2022年7月に発表され、「海外にも打って出る!」と宣言したトヨタの新型「クラウン」。これまで、日本専売モデルとしてトヨタの看板を背負っていた「クラウン」だが、現在の市況やニーズに応じてクルマ作りが大幅に見直されたのだという。メーカー事情に詳しいモータージャーナリストの渡辺陽一郎氏に、自動車ライターのマリオ高野が話を聞いた。
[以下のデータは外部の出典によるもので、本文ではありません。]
(* The forcing $\tilde{\mathbb E}$, with the functions $\operatorname{stem}$ and $\operatorname{loss}$ (defined on $Q'=\operatorname{dom}(\operatorname{loss})$), has strong FAM-limits for intervals: for every FAM $\Xi$ there is a function $\lim_\Xi:\tilde{\mathbb E}^\omega\to\tilde{\mathbb E}$ which is a strong FAM limit for intervals.
   Context: Fix an interval partition $(I_k)_{k\in\omega}$ of $\omega$ into finite intervals with $|I_k|\to\infty$. A partial FAM is a finitely additive probability measure on a Boolean subalgebra of $\mathcal P(\omega)$ containing all singletons and assigning them measure $0$; a FAM is a partial FAM with domain $\mathcal P(\omega)$. $T^*$, $\Omega_s$, $\mu_s$: defined by induction on height $h\ge0$: $T^*\cap\omega^0=\{\langle\rangle\}$; $\rho(h)=\max(|T^*\cap\omega^h|,h+2)$, $\pi(h)=((h+1)^2\rho(h)^{h+1})^{\rho(h)^h}$, $a(h)=\pi(h)^{h+2}$, $M(h)=a(h)^2$; each $s\in T^*\cap\omega^h$ has successor set $\Omega_s=\{s^\frown\ell:\ell<M(h)\}$; $\mu_s(A)=\log_{a(h)}\big(\frac{M(h)}{M(h)-|A|}\big)$ for $A\subsetneq\Omega_s$ and $\mu_s(\Omega_s)=\infty$. For a subtree $p\subseteq T^*$ and $s\in p$, $\mu_s(p)=\mu_s(p\cap\Omega_s)$; the stem of $p$ is its shortest splitting node. $\tilde{\mathbb E}$ consists of subtrees $p\subseteq T^*$ with stem of height $h^*$ such that $\mu_t(p)\ge1+\frac1{h^*}$ for all $t\in p$ extending the stem, ordered by inclusion. $\operatorname{stem}(p)$ is the stem; $\operatorname{loss}(p)$ is defined iff there is an integer $m\ge2$ with stem height $h^*>3m$ and $\mu_s(p)\ge1+\frac1m$ for all $s\in p$ of height $\ge h^*$, and then $\operatorname{loss}(p)=\frac1m$ for the maximal such $m$. For a pair $(s^*,l^* )$, an $(s^*,l^* )$-sequence is a sequence $(q_\ell)_{\ell\in\omega}$ of conditions with $\operatorname{stem}(q_\ell)=s^*$ and $\operatorname{loss}(q_\ell)=l^*$ for all $\ell$. Given a FAM $\Xi$, a function $\lim_\Xi$ from sequences of conditions to conditions is a strong FAM limit for intervals if: for every pair $(s^*,l^* )$, every $j^*\in\omega$ and $(s^*,l^* )$-sequences $\bar q^j$ ($j<j^*$), every $\epsilon>0$, $k^*\in\omega$, every finite partition $(B_m)_{m<m^*}$ of $\omega$, and every condition $q$ stronger than all $\lim_\Xi(\bar q^j)$ ($j<j^*$), there are a nonempty finite $u\subseteq\omega\setminus k^*$ and a condition $q'\le q$ such that $\Xi(B_m)-\epsilon<\frac{|u\cap B_m|}{|u|}<\Xi(B_m)+\epsilon$ for all $m<m^*$, and $\frac1{|u|}\sum_{k\in u}\frac{|\{\ell\in I_k:\ q'\le q^j_\ell\}|}{|I_k|}\ge1-l^*-\epsilon$ for all $j<j^*$. *)

theory Defs
  imports Complex_Main "HOL-Library.Extended_Real"
begin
渡辺陽一郎氏(左)とマリオ高野(右・筆者)。発表時には自動車メディアのみならず、世間を騒がせた新型「クラウン」について、業界の大先輩と意見交換しました
マリオ高野:
夏に公開された新型「クラウン」、その大激変ぶりに驚きました。同時に、ワールドプレミアライブ配信の視聴者数と、賛否コメントの量が膨大に多かったのも印象的です。長らく販売台数は低迷、つまり人気は下降したように見えても、「クラウン」というクルマの注目度は、今もなお高いのですね。
渡辺陽一郎:
まさに、新型クラウンの真の狙いは、「クラウン」という名前を守る」ということにあります。新しくなったクラウンには4種類のボディタイプが用意され、メインはSUVタイプ。駆動方式がFF(前輪駆動)になるなど、これまでのクラウンではありえなかった新しい試みがいろいろとありますが、根底に流れるのは「クラウンの名前を残したい!」というメーカー側の強い思いなのです。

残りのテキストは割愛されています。